Lü Bu heeded Chen Gui's advice and rejected Yuan Shu's offer. He also arrested Yuan Shu's messenger, Han Yin (韓胤), and sent him as a prisoner to the imperial capital Xu, where Han Yin was publicly executed. After that, Chen Gui asked Lü Bu to send Chen Deng as his representative to meet Cao Cao, but Lü Bu refused. However, after the Han central government sent an emissary to grant Lü Bu the appointment of General of the Left (左將軍), (Note: The Yingxiong Ji (英雄記) recorded that the Han central government appointed Lü Bu as General Who Pacifies the East (平東將軍) instead of General of the Left (左將軍).) Lü Bu was so happy that he sent Chen Deng as his representative to Xu to thank Cao Cao and the Han imperial court. In Xu, Chen Deng urged Cao Cao to eliminate Lü Bu and agreed to serve as a mole for Cao Cao in Xu Province. Cao Cao also promoted Chen Deng to the position of Administrator (太守) of Guangling Commandery (廣陵郡; around present-day Huai'an, Jiangsu), and increased Chen Gui's salary by 2,000 dan of grain.

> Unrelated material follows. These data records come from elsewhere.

definition is_kernel :: "('o, 'm) icat \<Rightarrow> 'o \<Rightarrow> 'o \<Rightarrow> 'm \<Rightarrow> 'o \<Rightarrow> 'm \<Rightarrow> bool" where
  "is_kernel C X Y phi K kappa \<longleftrightarrow> K \<in> Ob C \<and> kappa \<in> Hom C K X \<and>
     cmp C kappa phi = zr C K Y \<and>
     (\<forall>M\<in>Ob C. \<forall>a\<in>Hom C M X. cmp C a phi = zr C M Y \<longrightarrow>
        (\<exists>!a'. a' \<in> Hom C M K \<and> a = cmp C a' kappa))"

definition is_cokernel :: "('o, 'm) icat \<Rightarrow> 'o \<Rightarrow> 'o \<Rightarrow> 'm \<Rightarrow> 'o \<Rightarrow> 'm \<Rightarrow> bool" where
  "is_cokernel C X Y phi L lam \<longleftrightarrow> L \<in> Ob C \<and> lam \<in> Hom C Y L \<and>
     cmp C phi lam = zr C X L \<and>
     (\<forall>M\<in>Ob C. \<forall>b\<in>Hom C Y M. cmp C phi b = zr C X M \<longrightarrow>
        (\<exists>!b'. b' \<in> Hom C L M \<and> b = cmp C lam b'))"

definition regular :: "('o, 'm) icat \<Rightarrow> 'o \<Rightarrow> 'o \<Rightarrow> 'm \<Rightarrow> bool" where
  "regular C X Y phi \<longleftrightarrow> (\<exists>chi\<in>Hom C Y X. cmp C (cmp C phi chi) phi = phi)"

definition is_inverse :: "('o, 'm) icat \<Rightarrow> 'o \<Rightarrow> 'o \<Rightarrow> 'm \<Rightarrow> 'm \<Rightarrow> bool" where
  "is_inverse C X Y f g \<longleftrightarrow> g \<in> Hom C Y X \<and> cmp C f g = idm C X \<and> cmp C g f = idm C Y"

definition invertible :: "('o, 'm) icat \<Rightarrow> 'o \<Rightarrow> 'o \<Rightarrow> 'm \<Rightarrow> bool" where
  "invertible C X Y f \<longleftrightarrow> (\<exists>g. is_inverse C X Y f g)"

definition minv :: "('o, 'm) icat \<Rightarrow> 'o \<Rightarrow> 'o \<Rightarrow> 'm \<Rightarrow> 'm" where
  "minv C X Y f = (THE g. is_inverse C X Y f g)"

definition is_dcore_inv :: "('o, 'm) icat \<Rightarrow> 'o \<Rightarrow> 'm \<Rightarrow> 'm \<Rightarrow> bool" where
  "is_dcore_inv C X phi chi \<longleftrightarrow> chi \<in> Hom C X X \<and>
     star C (cmp C chi phi) = cmp C chi phi \<and>
     cmp C (cmp C chi chi) phi = chi \<and>
     cmp C (cmp C phi phi) chi = phi"

definition has_dcore_inv :: "('o, 'm) icat \<Rightarrow> 'o \<Rightarrow> 'm \<Rightarrow> bool" where
  "has_dcore_inv C X phi \<longleftrightarrow> (\<exists>chi. is_dcore_inv C X phi chi)"

definition dcore :: "('o, 'm) icat \<Rightarrow> 'o \<Rightarrow> 'm \<Rightarrow> 'm" where
  "dcore C X phi = (THE chi. is_dcore_inv C X phi chi)"

definition mns :: "('o, 'm) icat \<Rightarrow> 'm \<Rightarrow> 'm \<Rightarrow> 'm" where
  "mns C f g = pls C f (ngt C g)"

end

theory Submission
  imports Defs
begin

(* If chi is the dual core inverse of phi, then E = 1 - phi chi is annihilated by phi on both
   sides and fixes kappa and lam, so it factors both as sigma kappa and as lam tau, and tau sigma
   inverts kappa lam; the self-adjoint Q = 1 - chi phi factors as lam rho with rho lam = 1, so
   rho rho^* inverts lam^* lam.
   Conversely, P = 1 - lam (lam^* lam)^-1 lam^* is self-adjoint with P lam = 0, and
   Q = 1 - lam (kappa lam)^-1 kappa satisfies kappa Q = 0 = Q lam. For an inner inverse psi of phi,
   1 - psi phi factors through the cokernel and 1 - phi psi through the kernel, whence
   P psi phi = P and phi psi Q = Q; these identities make P psi Q a dual core inverse, and
   uniqueness of dual core inverses gives the formula. *)

section \<open>Additive categories with involution\<close>

locale additive_inv_category =
  fixes C :: "('o, 'm) icat"
  assumes additive_inv_cat: "additive_inv_cat C"
begin

abbreviation mcomp (infixl "\<cdot>" 70) where "f \<cdot> g \<equiv> cmp C f g"

lemma preadditive: "is_preadditive C"
  using additive_inv_cat unfolding additive_inv_cat_def is_additive_def by blast

lemma category: "is_category C"
  using preadditive unfolding is_preadditive_def by blast

lemma involution: "is_involution C"
  using additive_inv_cat unfolding additive_inv_cat_def by blast

lemma id_closed: "X \<in> Ob C \<Longrightarrow> idm C X \<in> Hom C X X"
  using category unfolding is_category_def by blast

lemma comp_closed:
  "\<lbrakk>X \<in> Ob C; Y \<in> Ob C; Z \<in> Ob C; f \<in> Hom C X Y; g \<in> Hom C Y Z\<rbrakk> \<Longrightarrow> f \<cdot> g \<in> Hom C X Z"
  using category unfolding is_category_def by blast

lemma comp_assoc:
  "\<lbrakk>W \<in> Ob C; X \<in> Ob C; Y \<in> Ob C; Z \<in> Ob C; f \<in> Hom C W X; g \<in> Hom C X Y; h \<in> Hom C Y Z\<rbrakk>
    \<Longrightarrow> f \<cdot> g \<cdot> h = f \<cdot> (g \<cdot> h)"
  using category unfolding is_category_def by blast

lemma comp_id_left: "\<lbrakk>X \<in> Ob C; Y \<in> Ob C; f \<in> Hom C X Y\<rbrakk> \<Longrightarrow> idm C X \<cdot> f = f"
  using category unfolding is_category_def by blast

lemma comp_id_right: "\<lbrakk>X \<in> Ob C; Y \<in> Ob C; f \<in> Hom C X Y\<rbrakk> \<Longrightarrow> f \<cdot> idm C Y = f"
  using category unfolding is_category_def by blast

lemma zero_closed: "\<lbrakk>X \<in> Ob C; Y \<in> Ob C\<rbrakk> \<Longrightarrow> zr C X Y \<in> Hom C X Y"
  using preadditive unfolding is_preadditive_def by blast

lemma plus_closed:
  "\<lbrakk>X \<in> Ob C; Y \<in> Ob C; f \<in> Hom C X Y; g \<in> Hom C X Y\<rbrakk> \<Longrightarrow> pls C f g \<in> Hom C X Y"
  using preadditive unfolding is_preadditive_def by blast

lemma neg_closed: "\<lbrakk>X \<in> Ob C; Y \<in> Ob C; f \<in> Hom C X Y\<rbrakk> \<Longrightarrow> ngt C f \<in> Hom C X Y"
  using preadditive unfolding is_preadditive_def by blast

lemma plus_assoc:
  "\<lbrakk>X \<in> Ob C; Y \<in> Ob C; f \<in> Hom C X Y; g \<in> Hom C X Y; h \<in> Hom C X Y\<rbrakk>
    \<Longrightarrow> pls C (pls C f g) h = pls C f (pls C g h)"
  using preadditive unfolding is_preadditive_def by blast

lemma plus_commute:
  "\<lbrakk>X \<in> Ob C; Y \<in> Ob C; f \<in> Hom C X Y; g \<in> Hom C X Y\<rbrakk> \<Longrightarrow> pls C f g = pls C g f"
  using preadditive unfolding is_preadditive_def by blast

lemma plus_zero: "\<lbrakk>X \<in> Ob C; Y \<in> Ob C; f \<in> Hom C X Y\<rbrakk> \<Longrightarrow> pls C f (zr C X Y) = f"
  using preadditive unfolding is_preadditive_def by blast

lemma plus_neg: "\<lbrakk>X \<in> Ob C; Y \<in> Ob C; f \<in> Hom C X Y\<rbrakk> \<Longrightarrow> pls C f (ngt C f) = zr C X Y"
  using preadditive unfolding is_preadditive_def by blast

lemma comp_distrib_left:
  "\<lbrakk>X \<in> Ob C; Y \<in> Ob C; Z \<in> Ob C; f \<in> Hom C X Y; g \<in> Hom C Y Z; h \<in> Hom C Y Z\<rbrakk>
    \<Longrightarrow> f \<cdot> pls C g h = pls C (f \<cdot> g) (f \<cdot> h)"
  using preadditive unfolding is_preadditive_def by blast

lemma comp_distrib_right:
  assumes "X \<in> Ob C" "Y \<in> Ob C" "Z \<in> Ob C" "f \<in> Hom C X Y" "g \<in> Hom C X Y" "h \<in> Hom C Y Z"
  shows "pls C f g \<cdot> h = pls C (f \<cdot> h) (g \<cdot> h)"
proof -
  have "\<forall>X\<in>Ob C. \<forall>Y\<in>Ob C. \<forall>Z\<in>Ob C. \<forall>f\<in>Hom C X Y. \<forall>g\<in>Hom C X Y. \<forall>h\<in>Hom C Y Z.
      pls C f g \<cdot> h = pls C (f \<cdot> h) (g \<cdot> h)"
    using preadditive unfolding is_preadditive_def by meson
  with assms show ?thesis by blast
qed

lemma star_closed: "\<lbrakk>X \<in> Ob C; Y \<in> Ob C; f \<in> Hom C X Y\<rbrakk> \<Longrightarrow> star C f \<in> Hom C Y X"
  using involution unfolding is_involution_def by blast

lemma star_star: "\<lbrakk>X \<in> Ob C; Y \<in> Ob C; f \<in> Hom C X Y\<rbrakk> \<Longrightarrow> star C (star C f) = f"
  using involution unfolding is_involution_def by blast

lemma star_comp:
  "\<lbrakk>X \<in> Ob C; Y \<in> Ob C; Z \<in> Ob C; f \<in> Hom C X Y; g \<in> Hom C Y Z\<rbrakk>
    \<Longrightarrow> star C (f \<cdot> g) = star C g \<cdot> star C f"
  using involution unfolding is_involution_def by blast

lemma star_plus:
  "\<lbrakk>X \<in> Ob C; Y \<in> Ob C; f \<in> Hom C X Y; g \<in> Hom C X Y\<rbrakk>
    \<Longrightarrow> star C (pls C f g) = pls C (star C f) (star C g)"
  using involution unfolding is_involution_def by blast

lemma zero_plus: "\<lbrakk>X \<in> Ob C; Y \<in> Ob C; f \<in> Hom C X Y\<rbrakk> \<Longrightarrow> pls C (zr C X Y) f = f"
  by (simp add: plus_commute[of X Y "zr C X Y" f] zero_closed plus_zero)

lemma plus_right_cancel:
  assumes "X \<in> Ob C" "Y \<in> Ob C" "f \<in> Hom C X Y" "g \<in> Hom C X Y" "h \<in> Hom C X Y"
    and "pls C f h = pls C g h"
  shows "f = g"
proof -
  note laws = plus_assoc[of X Y] neg_closed[of X Y] plus_neg[of X Y] plus_zero[of X Y]
  have "f = pls C (pls C f h) (ngt C h)" using assms(1-5) by (simp add: laws)
  also have "\<dots> = pls C (pls C g h) (ngt C h)" using assms(6) by simp
  also have "\<dots> = g" using assms(1-5) by (simp add: laws)
  finally show ?thesis .
qed

lemma neg_unique:
  assumes "X \<in> Ob C" "Y \<in> Ob C" "f \<in> Hom C X Y" "g \<in> Hom C X Y" "pls C f g = zr C X Y"
  shows "g = ngt C f"
proof (rule plus_right_cancel[OF assms(1,2,4) _ assms(3)])
  show "ngt C f \<in> Hom C X Y" using assms by (simp add: neg_closed)
  show "pls C g f = pls C (ngt C f) f"
    using assms by (simp add: plus_commute[of X Y _ f] neg_closed plus_neg)
qed

lemma neg_zero: "\<lbrakk>X \<in> Ob C; Y \<in> Ob C\<rbrakk> \<Longrightarrow> ngt C (zr C X Y) = zr C X Y"
  using neg_unique[of X Y "zr C X Y" "zr C X Y"] by (simp add: plus_zero zero_closed)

Yuan Shu was furious that Lü Bu reneged on his word, so he allied with Han Xian and Yang Feng, and sent his general Zhang Xun (張勳) to attack Lü Bu. Lü Bu asked Chen Gui, "Yuan Shu sends his forces to attack me because I followed your suggestion. What should I do now?" Chen Gui replied, "The alliance between Han Xian, Yang Feng and Yuan Shu is formed by a loose assembly of their forces. They have not decided on a common plan so they will not last long. They are like chickens tied up together and they cannot move in tandem. My son, Deng, has a plan to separate them." Lü Bu heeded Chen Gui's advice and wrote a letter to Han Xian and Yang Feng, urging them to defect to his side as well as promising to share the spoils of war with them. Han Xian and Yang Feng were so pleased that they sided with Lü Bu, defeated Zhang Xun at Xiapi (下邳; present-day Pizhou, Jiangsu) and captured Qiao Rui (橋蕤), one of Yuan Shu's officers. Yuan Shu's forces suffered heavy casualties and many of his soldiers fell into the river and drowned.

By the time of the Battle of Xiapi of 198–199, Chen Gui had retired while Chen Deng assisted Cao Cao in eliminating Lü Bu. It is not known when Chen Gui died.